DDM Parameter Estimates

Plots comparing empirical RT and accuracy data to predictions of the DDM suggested that the model generally described behavioral data well (Supplemental Materials). Notably, most participants’ start point (z) values were above .50 (Table 1), indicating that they were biased toward the decision to respond, as would be expected for a task with a greater proportion of “go” than “no-go” stimuli.

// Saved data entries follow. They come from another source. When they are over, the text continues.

lemma swap_atm_image_eq_iff: "swap_atm i j ` X = X \<longleftrightarrow> (A i \<in> X \<longleftrightarrow> A j \<in> X)"
proof
  assume fixed: "swap_atm i j ` X = X"
  have "swap_atm i j (A i) = A j" "swap_atm i j (A j) = A i" by simp_all
  then show "A i \<in> X \<longleftrightarrow> A j \<in> X"
    using fixed by (metis imageI)
next
  assume ij: "A i \<in> X \<longleftrightarrow> A j \<in> X"
  show "swap_atm i j ` X = X"
  proof (rule swap_atm_image_closed)
    show "swap_atm i j x \<in> X" if "x \<in> X" for x
      using swap_atm_cases[of i j x] that ij by metis
  qed
qed

lemma swap_atm_image_atoms:
  assumes "i \<le> p" "j \<le> p"
  shows "swap_atm i j ` atoms p n = atoms p n" "swap_atm i j ` Aats p = Aats p"
    "swap_atm i j ` Tats n = Tats n"
  using assms by (simp_all add: swap_atm_image_eq_iff)

lemma atcomp_swap_atm:
  assumes "i \<le> p" "j \<le> p"
  shows "atcomp p n (swap_atm i j x) (swap_atm i j y) = swap_atm i j ` atcomp p n x y"
  using assms by (cases x; cases y)
    (auto simp: image_set_diff[OF bij_is_inj[OF bij_swap_atm]] swap_atm_image_atoms)

lemma rcomp_L_swap_atm_image:
  assumes "i \<le> p" "j \<le> p"
  shows "swap_atm i j ` rcomp (L p n) X Y = rcomp (L p n) (swap_atm i j ` X) (swap_atm i j ` Y)"
  using assms by (simp add: L_def image_UN atcomp_swap_atm)

lemma subalgebra_swap_atm_fixed:
  assumes "i \<le> p" "j \<le> p"
  shows "subalgebra {X \<in> Pow (atoms p n). swap_atm i j ` X = X} (L p n)"
  unfolding subalgebra_def
proof (intro conjI ballI)
  let ?C = "{X \<in> Pow (atoms p n). swap_atm i j ` X = X}"
  show "?C \<subseteq> carrier (L p n)" "ident (L p n) \<in> ?C"
    by (auto simp: L_def)
  fix X Y assume X: "X \<in> ?C" and Y: "Y \<in> ?C"
  have "rcomp (L p n) X Y \<subseteq> atoms p n"
    using X Y by (simp add: rcomp_L_subset_atoms)
  then show "rcomp (L p n) X Y \<in> ?C"
    using X Y by (simp add: rcomp_L_swap_atm_image assms)
  show "join (L p n) X Y \<in> ?C" "conv (L p n) X \<in> ?C"
    using X Y by (auto simp: L_def image_Un)
  show "compl (L p n) X \<in> ?C"
    using X assms
    by (simp add: L_def image_set_diff[OF bij_is_inj[OF bij_swap_atm]] swap_atm_image_atoms)
qed

lemma atoms_ij_cover:
  assumes "x \<in> atoms p n"
  shows "\<exists>b \<in> atoms_ij p n i j. x \<in> b \<and> b \<subseteq> {x, swap_atm i j x}"
proof (cases x)
  case (A k)
  show ?thesis
  proof (cases "k = i \<or> k = j")
    case True
    then show ?thesis
      using A by (intro bexI[of _ "{A i, A j}"]) (auto simp: atoms_ij_def)
  next
    case False
    then show ?thesis
      using A assms by (intro bexI[of _ "{A k}"]) (auto simp: atoms_ij_def)
  qed
qed (use assms in \<open>auto simp: atoms_ij_def\<close>)

lemma carrier_Lij:
  assumes "i \<le> p" "j \<le> p"
  shows "carrier (Lij p n i j) = {X \<in> Pow (atoms p n). swap_atm i j ` X = X}"
proof -
  have "{\<Union>B | B. B \<subseteq> atoms_ij p n i j} = {X \<in> Pow (atoms p n). A i \<in> X \<longleftrightarrow> A j \<in> X}"
  proof (intro equalityI subsetI)
    fix X assume "X \<in> {\<Union>B | B. B \<subseteq> atoms_ij p n i j}"
    then show "X \<in> {X \<in> Pow (atoms p n). A i \<in> X \<longleftrightarrow> A j \<in> X}"
      using assms by (auto simp: atoms_ij_def)
  next
    fix X assume X: "X \<in> {X \<in> Pow (atoms p n). A i \<in> X \<longleftrightarrow> A j \<in> X}"
    then have "swap_atm i j x \<in> X" if "x \<in> X" for x
      using that swap_atm_image_eq_iff by blast
    then have "X = \<Union>{b \<in> atoms_ij p n i j. b \<subseteq> X}"
      using X atoms_ij_cover by fastforce
    then show "X \<in> {\<Union>B | B. B \<subseteq> atoms_ij p n i j}"
      by blast
  qed
  then show ?thesis
    by (simp add: Lij_def swap_atm_image_eq_iff)
qed

fun collapse_atm :: "nat \<Rightarrow> nat \<Rightarrow> atm \<Rightarrow> atm" where
  "collapse_atm p i (A k) = A (if p < k then i else k)"
| "collapse_atm p i z = z"

lemma collapse_atm_in_atoms: "z \<in> atoms q n \<Longrightarrow> i \<le> p \<Longrightarrow> collapse_atm p i z \<in> atoms p n"
  by (cases z) auto

lemma collapse_atm_eq_self: "z \<in> atoms p n \<Longrightarrow> collapse_atm p i z = z"
  by (cases z) auto

lemma collapse_atm_eq_Id_iff: "collapse_atm p i z = Id \<longleftrightarrow> z = Id"
  by (cases z) auto

lemma atcomp_collapse_atm_sound:
  assumes "x \<in> atoms q n" "y \<in> atoms q n" "z \<in> atcomp q n x y" "i \<le> p" "j \<le> p" "i \<noteq> j"
  shows "\<exists>u \<in> {collapse_atm p i x, swap_atm i j (collapse_atm p i x)}.
         \<exists>v \<in> {collapse_atm p i y, swap_atm i j (collapse_atm p i y)}.
           collapse_atm p i z \<in> atcomp p n u v"
  using assms by (cases x; cases y; cases z) (auto split: if_splits)

lemma atcomp_collapse_atm_new:
  assumes "A i \<in> atcomp p n x y" "x \<in> atoms p n" "y \<in> atoms p n" "p < m" "m \<le> q"
    "i \<le> p" "j \<le> p" "i \<noteq> j"
  shows "\<exists>x' \<in> {x, swap_atm i j x, A m}. \<exists>y' \<in> {y, swap_atm i j y, A m}.
    collapse_atm p i x' \<in> {x, swap_atm i j x} \<and> collapse_atm p i y' \<in> {y, swap_atm i j y}
    \<and> A m \<in> atcomp q n x' y'"
  using assms by (cases x; cases y) (auto split: if_splits)

lemma atcomp_collapse_atm_complete:
  assumes z: "z \<in> atoms q n" "collapse_atm p i z \<in> atcomp p n x y"
    and xy: "x \<in> atoms p n" "y \<in> atoms p n" and "p \<le> q" "i \<le> p" "j \<le> p" "i \<noteq> j"
  obtains x' y' where "x' \<in> atoms q n" "collapse_atm p i x' \<in> {x, swap_atm i j x}"
    "y' \<in> atoms q n" "collapse_atm p i y' \<in> {y, swap_atm i j y}" "z \<in> atcomp q n x' y'"
proof -
  have "{x, swap_atm i j x, z} \<subseteq> atoms q n" "{y, swap_atm i j y, z} \<subseteq> atoms q n"
    using xy z(1) atoms_mono[OF \<open>p \<le> q\<close>] swap_atm_image_atoms(1)[OF assms(6,7)] by blast+
  moreover obtain x' y' where "x' \<in> {x, swap_atm i j x, z}" "collapse_atm p i x' \<in> {x, swap_atm i j x}"
    "y' \<in> {y, swap_atm i j y, z}" "collapse_atm p i y' \<in> {y, swap_atm i j y}"
    "z \<in> atcomp q n x' y'"
  proof (cases "z \<in> atoms p n")
    case True
    then show thesis
      using that[of x y] z xy atcomp_mono[OF xy \<open>p \<le> q\<close>] by (auto simp: collapse_atm_eq_self)
  next
    case False
    then obtain m where m: "z = A m" "p < m" "m \<le> q"
      using z(1) by (cases z) auto
    then have "A i \<in> atcomp p n x y"
      using z(2) by simp
    from atcomp_collapse_atm_new[OF this xy m(2,3) assms(6-8)]
    show thesis
      using that m(1) by blast
  qed
  ultimately show thesis
    using that by blast
qed

definition collapse_preimage :: "nat \<Rightarrow> nat \<Rightarrow> nat \<Rightarrow> nat \<Rightarrow> atm set \<Rightarrow> atm set" where
  "collapse_preimage p q n i X = {z \<in> atoms q n. collapse_atm p i z \<in> X}"

lemma collapse_preimage_rcomp:
  assumes X: "X \<subseteq> atoms p n" "swap_atm i j ` X = X" and Y: "Y \<subseteq> atoms p n" "swap_atm i j ` Y = Y"
    and "p \<le> q" "i \<le> p" "j \<le> p" "i \<noteq> j"
  shows "collapse_preimage p q n i (rcomp (L p n) X Y)
    = rcomp (L q n) (collapse_preimage p q n i X) (collapse_preimage p q n i Y)"
    (is "?lhs = ?rhs")
proof
  show "?lhs \<subseteq> ?rhs"
  proof
    fix z assume "z \<in> ?lhs"
    then obtain x y where z: "z \<in> atoms q n" "collapse_atm p i z \<in> atcomp p n x y"
      and xy: "x \<in> X" "y \<in> Y"
      by (auto simp: collapse_preimage_def L_def)
    then have "x \<in> atoms p n" "y \<in> atoms p n"
      using X Y by auto
    then obtain x' y' where "x' \<in> atoms q n" "collapse_atm p i x' \<in> {x, swap_atm i j x}"
      "y' \<in> atoms q n" "collapse_atm p i y' \<in> {y, swap_atm i j y}" "z \<in> atcomp q n x' y'"
      using atcomp_collapse_atm_complete[OF z] assms(5-8) by metis
    moreover have "swap_atm i j x \<in> X" "swap_atm i j y \<in> Y"
      using xy swap_atm_in_fixed X(2) Y(2) by blast+
    ultimately have "x' \<in> collapse_preimage p q n i X" "y' \<in> collapse_preimage p q n i Y"
      "z \<in> atcomp q n x' y'"
      using xy by (auto simp: collapse_preimage_def)
    then show "z \<in> ?rhs"
      by (auto simp: L_def)
  qed
  show "?rhs \<subseteq> ?lhs"
  proof
    fix z assume "z \<in> ?rhs"
    then obtain x' y' where x': "x' \<in> atoms q n" "collapse_atm p i x' \<in> X"
      and y': "y' \<in> atoms q n" "collapse_atm p i y' \<in> Y" and z: "z \<in> atcomp q n x' y'"
      by (auto simp: collapse_preimage_def L_def)
    obtain u v where "u \<in> X" "v \<in> Y" "collapse_atm p i z \<in> atcomp p n u v"
      using atcomp_collapse_atm_sound[OF x'(1) y'(1) z assms(6-8)]
        x'(2) y'(2) swap_atm_in_fixed[OF X(2)] swap_atm_in_fixed[OF Y(2)] by blast
    moreover have "z \<in> atoms q n"
      using atcomp_subset_atoms[OF x'(1) y'(1)] z by blast
    ultimately show "z \<in> ?lhs"
      by (auto simp: collapse_preimage_def L_def)
  qed
qed

lemma ra_hom_on_collapse_preimage:
  assumes "p \<le> q" "i \<le> p" "j \<le> p" "i \<noteq> j"
  shows "ra_hom_on {X \<in> Pow (atoms p n). swap_atm i j ` X = X} (collapse_preimage p q n i) (L p n) (L q n)"
  unfolding ra_hom_on_def
proof (intro conjI ballI)
  show "collapse_preimage p q n i (ident (L p n)) = ident (L q n)"
    by (auto simp: L_def collapse_preimage_def collapse_atm_eq_Id_iff)
  fix X Y assume X: "X \<in> {X \<in> Pow (atoms p n). swap_atm i j ` X = X}"
    and Y: "Y \<in> {X \<in> Pow (atoms p n). swap_atm i j ` X = X}"
  show "collapse_preimage p q n i (rcomp (L p n) X Y)
    = rcomp (L q n) (collapse_preimage p q n i X) (collapse_preimage p q n i Y)"
    using X Y collapse_preimage_rcomp[OF _ _ _ _ assms] by simp
  show "collapse_preimage p q n i (join (L p n) X Y)
    = join (L q n) (collapse_preimage p q n i X) (collapse_preimage p q n i Y)"
    "collapse_preimage p q n i (conv (L p n) X) = conv (L q n) (collapse_preimage p q n i X)"
    by (auto simp: L_def collapse_preimage_def)
  show "collapse_preimage p q n i (compl (L p n) X) = compl (L q n) (collapse_preimage p q n i X)"
    using collapse_atm_in_atoms[OF _ assms(2)] by (auto simp: L_def collapse_preimage_def)
qed

lemma collapse_preimage_Int_atoms:
  assumes "X \<subseteq> atoms p n" "p \<le> q"
  shows "collapse_preimage p q n i X \<inter> atoms p n = X"
  using assms atoms_mono[OF assms(2)] by (auto simp: collapse_preimage_def collapse_atm_eq_self)

lemma inj_on_collapse_preimage: "p \<le> q \<Longrightarrow> inj_on (collapse_preimage p q n i) (Pow (atoms p n))"
  by (metis PowD collapse_preimage_Int_atoms inj_onI)

theorem lemma5:
  fixes p q n i j :: nat
  assumes "3 \<le> p" and "p \<le> q" and "i \<le> p" and "j \<le> p" and "i \<noteq> j"
  shows "\<exists>S f. subalgebra S (L q n) \<and> ra_iso f (Lij p n i j) (restrict_ra (L q n) S)"
proof -
  let ?C = "{X \<in> Pow (atoms p n). swap_atm i j ` X = X}"
  let ?f = "collapse_preimage p q n i"
  have Lij: "Lij p n i j = restrict_ra (L p n) ?C"
    using carrier_Lij[OF assms(3,4)] by (simp add: Lij_def restrict_ra_def)
  have hom: "ra_hom_on ?C ?f (L p n) (L q n)"
    using ra_hom_on_collapse_preimage[OF assms(2-5)] .
  have "subalgebra (?f ` ?C) (L q n)"
    using subalgebra_image[OF subalgebra_swap_atm_fixed[OF assms(3,4)] hom]
    by (auto simp: L_def collapse_preimage_def)
  moreover have "inj_on ?f ?C"
    using inj_on_collapse_preimage[OF assms(2)] by (rule inj_on_subset) blast
  then have "ra_iso ?f (Lij p n i j) (restrict_ra (L q n) (?f ` ?C))"
    unfolding Lij using hom by (rule ra_iso_restrict_image)
  ultimately show ?thesis
    by blast
qed

end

Table 2 displays Pearson correlation (r) values and CIs for relationships between all DDM parameters and traditional behavioral summary statistics. Higher FA rates were related to lower caution (a) and greater bias toward “go” (z), as expected, but were most strongly related to lower drift rates. Notably, the correlation of FA rate with v.go was almost identical to its correlation with v.nogo. This finding, combined with the fact the v.go and v.nogo are also strongly correlated (r=.73), suggests that FA rates on the task are largely determined by individuals’ general efficiency of evidence accumulation, which influences behavior across all trials of the task rather than being specific to “no-go” trials. Therefore, for all subsequent analyses, v.go and v.nogo were averaged to provide a general index of evidence accumulation efficiency (v.avg). Hit MRT was most strongly related to a and Ter, while hit SDRT was strongly related to drift rate, consistent with previous simulation studies (57). Overall, these analyses suggest that traditional summary statistics are determined by various DDM parameters, although there are no clear one-to-one mappings between parameters and traditional metrics.

Table 2.

Bayesian Pearson correlation values for relationships between commonly-used behavioral summary statistics from the go/no-go task and all DDM parameters. For each correlation, the first number indicates the posterior median, representing the most likely r value, while the second and third numbers (in italics) indicate the upper and lower bounds of the 95% credible interval (CI) for the r value. FA = false alarm, MRT = mean response time, SDRT = standard deviation of response time, v.go = drift rate on “go” trials, v.nogo = drift rate on “no go” trials, v.avg = mean of v.go and v.nogo, z = start point (with higher values), a = boundary separation, Ter = non-decision time.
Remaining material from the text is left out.